WORK REQUIRED: Search the entries for the word "intro" and pull out each line that has it.

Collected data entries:
-.-.-

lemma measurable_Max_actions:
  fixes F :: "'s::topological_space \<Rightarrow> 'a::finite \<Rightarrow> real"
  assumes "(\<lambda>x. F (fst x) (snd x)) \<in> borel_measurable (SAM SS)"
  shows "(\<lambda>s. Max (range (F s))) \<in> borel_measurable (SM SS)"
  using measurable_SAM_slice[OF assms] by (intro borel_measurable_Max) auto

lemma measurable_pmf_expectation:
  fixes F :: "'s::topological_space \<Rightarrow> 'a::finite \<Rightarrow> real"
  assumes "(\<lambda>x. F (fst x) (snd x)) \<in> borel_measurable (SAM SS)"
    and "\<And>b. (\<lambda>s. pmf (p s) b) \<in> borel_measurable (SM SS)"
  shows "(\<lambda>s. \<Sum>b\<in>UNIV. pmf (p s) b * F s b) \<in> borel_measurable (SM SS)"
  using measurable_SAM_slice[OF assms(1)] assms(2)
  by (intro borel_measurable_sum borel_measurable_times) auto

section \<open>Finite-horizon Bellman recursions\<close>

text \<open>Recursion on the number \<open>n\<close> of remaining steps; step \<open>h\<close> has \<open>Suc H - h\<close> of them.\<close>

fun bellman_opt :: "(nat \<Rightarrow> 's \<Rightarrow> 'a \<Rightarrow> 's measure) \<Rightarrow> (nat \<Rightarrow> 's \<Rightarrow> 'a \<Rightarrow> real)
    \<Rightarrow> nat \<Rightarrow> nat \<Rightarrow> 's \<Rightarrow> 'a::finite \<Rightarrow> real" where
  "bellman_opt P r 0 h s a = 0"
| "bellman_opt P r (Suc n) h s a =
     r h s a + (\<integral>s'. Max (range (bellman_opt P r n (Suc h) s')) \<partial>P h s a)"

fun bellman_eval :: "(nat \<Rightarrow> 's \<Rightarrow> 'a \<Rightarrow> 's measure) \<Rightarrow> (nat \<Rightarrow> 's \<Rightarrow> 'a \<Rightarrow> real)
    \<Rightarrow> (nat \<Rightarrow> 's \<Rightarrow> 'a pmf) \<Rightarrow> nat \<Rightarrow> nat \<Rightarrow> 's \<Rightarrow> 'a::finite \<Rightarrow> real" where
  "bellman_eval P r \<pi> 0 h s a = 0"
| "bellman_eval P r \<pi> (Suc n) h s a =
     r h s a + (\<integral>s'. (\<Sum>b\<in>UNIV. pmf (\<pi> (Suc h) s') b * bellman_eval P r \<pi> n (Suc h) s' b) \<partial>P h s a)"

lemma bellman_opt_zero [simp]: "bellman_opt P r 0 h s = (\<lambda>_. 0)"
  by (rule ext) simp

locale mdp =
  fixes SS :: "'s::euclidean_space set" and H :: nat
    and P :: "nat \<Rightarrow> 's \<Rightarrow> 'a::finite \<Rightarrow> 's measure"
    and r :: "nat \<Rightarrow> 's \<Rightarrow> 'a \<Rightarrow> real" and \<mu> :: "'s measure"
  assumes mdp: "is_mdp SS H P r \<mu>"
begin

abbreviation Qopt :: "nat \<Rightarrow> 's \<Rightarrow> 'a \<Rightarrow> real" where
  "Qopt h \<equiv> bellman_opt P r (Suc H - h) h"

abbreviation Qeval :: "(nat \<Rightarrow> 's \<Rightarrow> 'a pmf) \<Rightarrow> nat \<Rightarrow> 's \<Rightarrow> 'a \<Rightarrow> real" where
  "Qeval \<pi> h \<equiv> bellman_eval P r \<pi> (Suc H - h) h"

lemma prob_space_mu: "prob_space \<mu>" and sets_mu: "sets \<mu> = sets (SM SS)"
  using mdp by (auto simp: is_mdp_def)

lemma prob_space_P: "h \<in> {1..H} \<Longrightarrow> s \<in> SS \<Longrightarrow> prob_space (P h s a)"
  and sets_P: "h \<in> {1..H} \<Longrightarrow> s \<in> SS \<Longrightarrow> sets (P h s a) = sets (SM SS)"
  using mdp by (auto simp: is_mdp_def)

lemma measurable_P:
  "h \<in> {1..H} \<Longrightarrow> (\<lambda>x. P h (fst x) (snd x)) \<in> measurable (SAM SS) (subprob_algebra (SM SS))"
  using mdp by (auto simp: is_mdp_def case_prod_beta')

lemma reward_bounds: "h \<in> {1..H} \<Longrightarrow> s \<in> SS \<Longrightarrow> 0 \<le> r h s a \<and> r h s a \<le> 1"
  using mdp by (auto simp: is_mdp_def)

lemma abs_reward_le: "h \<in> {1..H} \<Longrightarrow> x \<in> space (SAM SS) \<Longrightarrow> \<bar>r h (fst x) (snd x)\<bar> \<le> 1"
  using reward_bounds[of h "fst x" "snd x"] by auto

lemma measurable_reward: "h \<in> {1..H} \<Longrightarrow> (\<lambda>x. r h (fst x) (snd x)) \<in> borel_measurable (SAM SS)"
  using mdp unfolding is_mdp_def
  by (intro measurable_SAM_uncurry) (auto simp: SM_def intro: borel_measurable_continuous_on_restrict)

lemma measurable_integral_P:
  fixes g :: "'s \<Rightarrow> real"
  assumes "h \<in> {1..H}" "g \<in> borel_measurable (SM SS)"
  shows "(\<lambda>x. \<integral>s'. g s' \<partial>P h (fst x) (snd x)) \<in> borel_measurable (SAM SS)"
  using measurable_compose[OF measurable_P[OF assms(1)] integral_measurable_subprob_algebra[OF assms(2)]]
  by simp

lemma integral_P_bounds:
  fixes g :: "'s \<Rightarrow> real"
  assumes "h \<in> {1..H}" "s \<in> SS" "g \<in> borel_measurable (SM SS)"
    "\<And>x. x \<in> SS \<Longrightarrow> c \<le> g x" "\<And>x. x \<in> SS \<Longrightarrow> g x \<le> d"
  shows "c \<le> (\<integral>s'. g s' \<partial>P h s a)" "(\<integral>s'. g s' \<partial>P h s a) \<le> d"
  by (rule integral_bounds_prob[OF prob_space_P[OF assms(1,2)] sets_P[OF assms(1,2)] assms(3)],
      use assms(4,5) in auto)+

-.-.-

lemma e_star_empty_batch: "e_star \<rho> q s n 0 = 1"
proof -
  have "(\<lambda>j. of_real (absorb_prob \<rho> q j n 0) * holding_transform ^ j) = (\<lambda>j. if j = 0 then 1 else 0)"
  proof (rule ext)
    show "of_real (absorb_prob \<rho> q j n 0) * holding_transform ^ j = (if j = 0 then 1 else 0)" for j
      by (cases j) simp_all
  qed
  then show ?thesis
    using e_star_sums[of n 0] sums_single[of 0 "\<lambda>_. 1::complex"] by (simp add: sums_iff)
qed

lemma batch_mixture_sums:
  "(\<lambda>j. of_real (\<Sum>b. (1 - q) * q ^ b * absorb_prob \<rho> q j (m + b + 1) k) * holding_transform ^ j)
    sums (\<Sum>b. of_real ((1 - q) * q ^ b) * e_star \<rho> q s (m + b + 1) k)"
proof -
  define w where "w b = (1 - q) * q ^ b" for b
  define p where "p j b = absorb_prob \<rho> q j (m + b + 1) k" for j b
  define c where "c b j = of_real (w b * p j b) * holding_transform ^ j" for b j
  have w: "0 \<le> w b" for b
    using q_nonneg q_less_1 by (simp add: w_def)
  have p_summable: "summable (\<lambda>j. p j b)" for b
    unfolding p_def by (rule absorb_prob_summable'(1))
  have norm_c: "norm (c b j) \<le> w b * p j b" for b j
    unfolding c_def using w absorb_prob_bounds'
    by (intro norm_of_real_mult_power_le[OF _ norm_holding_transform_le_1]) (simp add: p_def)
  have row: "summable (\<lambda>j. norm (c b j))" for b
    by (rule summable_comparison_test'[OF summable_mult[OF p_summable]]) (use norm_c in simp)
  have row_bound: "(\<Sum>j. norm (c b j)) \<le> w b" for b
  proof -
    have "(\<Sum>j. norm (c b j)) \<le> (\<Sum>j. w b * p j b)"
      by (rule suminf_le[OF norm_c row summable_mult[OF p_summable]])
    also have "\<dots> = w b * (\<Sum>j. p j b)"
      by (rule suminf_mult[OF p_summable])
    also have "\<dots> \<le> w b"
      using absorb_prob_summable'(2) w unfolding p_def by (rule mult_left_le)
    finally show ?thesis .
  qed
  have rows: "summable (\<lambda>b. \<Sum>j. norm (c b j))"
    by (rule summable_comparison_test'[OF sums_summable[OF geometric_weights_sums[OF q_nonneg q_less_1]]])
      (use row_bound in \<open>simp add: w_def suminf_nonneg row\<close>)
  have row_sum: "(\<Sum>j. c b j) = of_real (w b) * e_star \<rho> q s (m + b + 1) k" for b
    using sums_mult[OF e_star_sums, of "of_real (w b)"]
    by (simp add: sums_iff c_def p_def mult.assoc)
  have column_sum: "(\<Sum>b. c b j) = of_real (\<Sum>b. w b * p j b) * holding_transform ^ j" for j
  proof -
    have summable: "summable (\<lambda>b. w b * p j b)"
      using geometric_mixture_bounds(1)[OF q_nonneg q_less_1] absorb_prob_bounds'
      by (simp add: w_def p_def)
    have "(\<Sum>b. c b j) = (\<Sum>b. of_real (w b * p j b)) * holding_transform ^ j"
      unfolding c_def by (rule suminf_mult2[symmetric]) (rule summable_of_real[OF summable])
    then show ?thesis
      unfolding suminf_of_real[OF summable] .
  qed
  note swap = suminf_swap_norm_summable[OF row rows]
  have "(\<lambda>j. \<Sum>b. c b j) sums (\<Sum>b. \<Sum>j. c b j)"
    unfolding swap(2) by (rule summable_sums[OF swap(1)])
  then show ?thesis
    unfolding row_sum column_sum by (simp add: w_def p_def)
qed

-.-.-

OUTPUT OF THE EXERCISE:
  using measurable_SAM_slice[OF assms] by (intro borel_measurable_Max) auto
  by (intro borel_measurable_sum borel_measurable_times) auto
  by (intro measurable_SAM_uncurry) (auto simp: SM_def intro: borel_measurable_continuous_on_restrict)
    by (intro norm_of_real_mult_power_le[OF _ norm_holding_transform_le_1]) (simp add: p_def)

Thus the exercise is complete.